:: What is expected ::
Show all lines of the entries in which the word "cases" is found.

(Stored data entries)
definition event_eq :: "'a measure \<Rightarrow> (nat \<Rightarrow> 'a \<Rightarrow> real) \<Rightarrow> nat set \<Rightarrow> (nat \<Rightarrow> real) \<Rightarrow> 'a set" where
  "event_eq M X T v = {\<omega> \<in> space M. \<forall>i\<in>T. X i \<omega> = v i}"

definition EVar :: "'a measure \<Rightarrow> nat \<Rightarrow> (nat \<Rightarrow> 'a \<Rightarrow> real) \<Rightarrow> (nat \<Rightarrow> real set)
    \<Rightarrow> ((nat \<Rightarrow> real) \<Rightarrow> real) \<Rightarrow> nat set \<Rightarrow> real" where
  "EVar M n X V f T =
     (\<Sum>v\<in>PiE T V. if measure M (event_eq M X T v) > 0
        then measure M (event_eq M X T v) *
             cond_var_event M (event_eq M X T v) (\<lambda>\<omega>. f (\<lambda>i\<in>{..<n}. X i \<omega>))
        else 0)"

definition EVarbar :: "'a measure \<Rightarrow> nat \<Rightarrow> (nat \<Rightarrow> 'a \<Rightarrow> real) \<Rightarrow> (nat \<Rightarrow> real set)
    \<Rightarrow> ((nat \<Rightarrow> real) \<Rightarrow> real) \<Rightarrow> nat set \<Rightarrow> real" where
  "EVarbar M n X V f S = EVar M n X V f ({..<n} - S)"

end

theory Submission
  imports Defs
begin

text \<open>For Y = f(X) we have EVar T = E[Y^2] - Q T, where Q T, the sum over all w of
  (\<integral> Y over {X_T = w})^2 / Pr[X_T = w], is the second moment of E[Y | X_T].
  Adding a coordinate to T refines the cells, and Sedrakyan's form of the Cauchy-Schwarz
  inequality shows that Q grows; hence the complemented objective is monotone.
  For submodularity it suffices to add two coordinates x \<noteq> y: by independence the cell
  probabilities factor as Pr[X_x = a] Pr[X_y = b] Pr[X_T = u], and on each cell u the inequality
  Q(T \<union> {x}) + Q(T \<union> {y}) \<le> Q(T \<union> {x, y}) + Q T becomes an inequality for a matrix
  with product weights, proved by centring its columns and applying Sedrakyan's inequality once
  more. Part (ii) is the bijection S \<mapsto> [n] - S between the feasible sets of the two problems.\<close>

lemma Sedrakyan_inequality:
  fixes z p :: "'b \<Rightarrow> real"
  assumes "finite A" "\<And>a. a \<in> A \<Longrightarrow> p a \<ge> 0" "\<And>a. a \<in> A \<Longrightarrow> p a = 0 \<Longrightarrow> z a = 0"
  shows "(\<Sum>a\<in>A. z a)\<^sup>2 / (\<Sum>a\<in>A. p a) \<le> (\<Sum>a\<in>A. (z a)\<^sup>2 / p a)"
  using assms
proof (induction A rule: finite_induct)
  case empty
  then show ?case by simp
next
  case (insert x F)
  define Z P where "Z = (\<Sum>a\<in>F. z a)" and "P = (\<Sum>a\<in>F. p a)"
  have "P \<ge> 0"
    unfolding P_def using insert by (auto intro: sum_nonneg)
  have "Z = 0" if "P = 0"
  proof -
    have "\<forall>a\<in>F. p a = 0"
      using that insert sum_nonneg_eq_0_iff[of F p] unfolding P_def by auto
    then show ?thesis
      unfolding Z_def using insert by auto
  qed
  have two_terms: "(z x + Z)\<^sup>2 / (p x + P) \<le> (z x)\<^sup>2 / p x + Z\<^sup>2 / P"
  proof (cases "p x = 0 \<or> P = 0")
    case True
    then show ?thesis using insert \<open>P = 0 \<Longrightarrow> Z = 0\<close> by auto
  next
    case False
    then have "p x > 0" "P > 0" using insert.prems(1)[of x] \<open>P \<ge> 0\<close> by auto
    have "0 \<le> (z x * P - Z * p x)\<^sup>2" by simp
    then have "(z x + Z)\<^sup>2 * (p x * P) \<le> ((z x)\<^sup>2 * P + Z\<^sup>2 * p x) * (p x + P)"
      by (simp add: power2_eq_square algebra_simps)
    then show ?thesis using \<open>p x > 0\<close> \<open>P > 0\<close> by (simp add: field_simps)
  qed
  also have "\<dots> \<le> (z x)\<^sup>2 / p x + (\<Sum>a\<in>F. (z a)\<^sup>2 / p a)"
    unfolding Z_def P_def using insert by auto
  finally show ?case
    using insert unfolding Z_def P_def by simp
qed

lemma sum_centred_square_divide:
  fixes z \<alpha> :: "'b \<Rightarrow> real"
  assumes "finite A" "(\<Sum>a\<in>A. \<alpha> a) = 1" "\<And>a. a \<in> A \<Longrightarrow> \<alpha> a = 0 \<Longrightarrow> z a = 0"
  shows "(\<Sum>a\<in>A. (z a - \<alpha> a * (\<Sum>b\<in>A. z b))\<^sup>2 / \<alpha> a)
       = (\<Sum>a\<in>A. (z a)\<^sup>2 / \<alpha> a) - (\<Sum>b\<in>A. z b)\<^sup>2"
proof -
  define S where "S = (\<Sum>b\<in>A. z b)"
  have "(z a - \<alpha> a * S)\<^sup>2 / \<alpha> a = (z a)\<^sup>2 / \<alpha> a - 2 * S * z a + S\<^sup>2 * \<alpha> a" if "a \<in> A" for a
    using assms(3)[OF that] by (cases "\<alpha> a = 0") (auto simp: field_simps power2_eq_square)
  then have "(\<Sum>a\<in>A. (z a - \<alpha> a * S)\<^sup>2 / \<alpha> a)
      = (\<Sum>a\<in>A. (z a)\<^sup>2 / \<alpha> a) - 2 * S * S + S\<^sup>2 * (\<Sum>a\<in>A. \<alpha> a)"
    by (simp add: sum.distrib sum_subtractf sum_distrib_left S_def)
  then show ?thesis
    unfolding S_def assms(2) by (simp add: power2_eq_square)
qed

...

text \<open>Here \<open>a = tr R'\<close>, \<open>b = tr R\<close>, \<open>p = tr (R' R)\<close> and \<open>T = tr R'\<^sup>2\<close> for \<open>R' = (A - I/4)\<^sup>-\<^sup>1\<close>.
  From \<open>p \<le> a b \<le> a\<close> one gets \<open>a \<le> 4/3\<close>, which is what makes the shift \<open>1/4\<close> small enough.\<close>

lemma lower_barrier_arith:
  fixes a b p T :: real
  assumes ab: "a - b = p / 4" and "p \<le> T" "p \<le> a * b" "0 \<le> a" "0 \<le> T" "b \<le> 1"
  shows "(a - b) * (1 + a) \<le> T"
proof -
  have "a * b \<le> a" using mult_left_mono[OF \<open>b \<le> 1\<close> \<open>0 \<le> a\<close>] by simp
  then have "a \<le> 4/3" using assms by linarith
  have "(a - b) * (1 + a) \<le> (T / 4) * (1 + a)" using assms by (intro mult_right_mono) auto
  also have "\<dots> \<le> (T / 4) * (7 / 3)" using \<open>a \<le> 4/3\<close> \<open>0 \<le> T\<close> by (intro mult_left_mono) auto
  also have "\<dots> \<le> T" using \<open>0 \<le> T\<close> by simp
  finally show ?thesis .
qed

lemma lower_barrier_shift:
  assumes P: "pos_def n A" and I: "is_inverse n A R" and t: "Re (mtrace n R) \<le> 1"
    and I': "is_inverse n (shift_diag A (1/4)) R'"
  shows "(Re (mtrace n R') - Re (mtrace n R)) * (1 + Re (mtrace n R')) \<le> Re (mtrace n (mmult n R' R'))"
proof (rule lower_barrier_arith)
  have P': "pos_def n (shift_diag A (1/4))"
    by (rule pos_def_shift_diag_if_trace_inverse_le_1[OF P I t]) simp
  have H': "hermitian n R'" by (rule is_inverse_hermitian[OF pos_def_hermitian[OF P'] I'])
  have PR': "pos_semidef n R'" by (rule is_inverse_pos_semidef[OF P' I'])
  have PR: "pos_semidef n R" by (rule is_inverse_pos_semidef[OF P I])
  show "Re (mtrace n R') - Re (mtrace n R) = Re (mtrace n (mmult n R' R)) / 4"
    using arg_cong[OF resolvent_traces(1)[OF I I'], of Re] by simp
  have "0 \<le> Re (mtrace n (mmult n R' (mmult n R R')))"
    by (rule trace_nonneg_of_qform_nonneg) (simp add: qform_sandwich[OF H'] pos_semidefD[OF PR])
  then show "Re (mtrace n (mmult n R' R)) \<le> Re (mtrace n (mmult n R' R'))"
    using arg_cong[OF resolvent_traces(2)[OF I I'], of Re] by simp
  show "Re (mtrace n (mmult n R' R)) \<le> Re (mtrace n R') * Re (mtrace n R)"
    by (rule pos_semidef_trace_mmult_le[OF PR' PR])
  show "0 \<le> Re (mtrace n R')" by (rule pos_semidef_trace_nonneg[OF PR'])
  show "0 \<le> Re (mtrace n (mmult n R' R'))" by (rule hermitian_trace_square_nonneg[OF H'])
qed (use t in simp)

:: Solution below ::
  proof (cases "p x = 0 \<or> P = 0")
    using assms(3)[OF that] by (cases "\<alpha> a = 0") (auto simp: field_simps power2_eq_square)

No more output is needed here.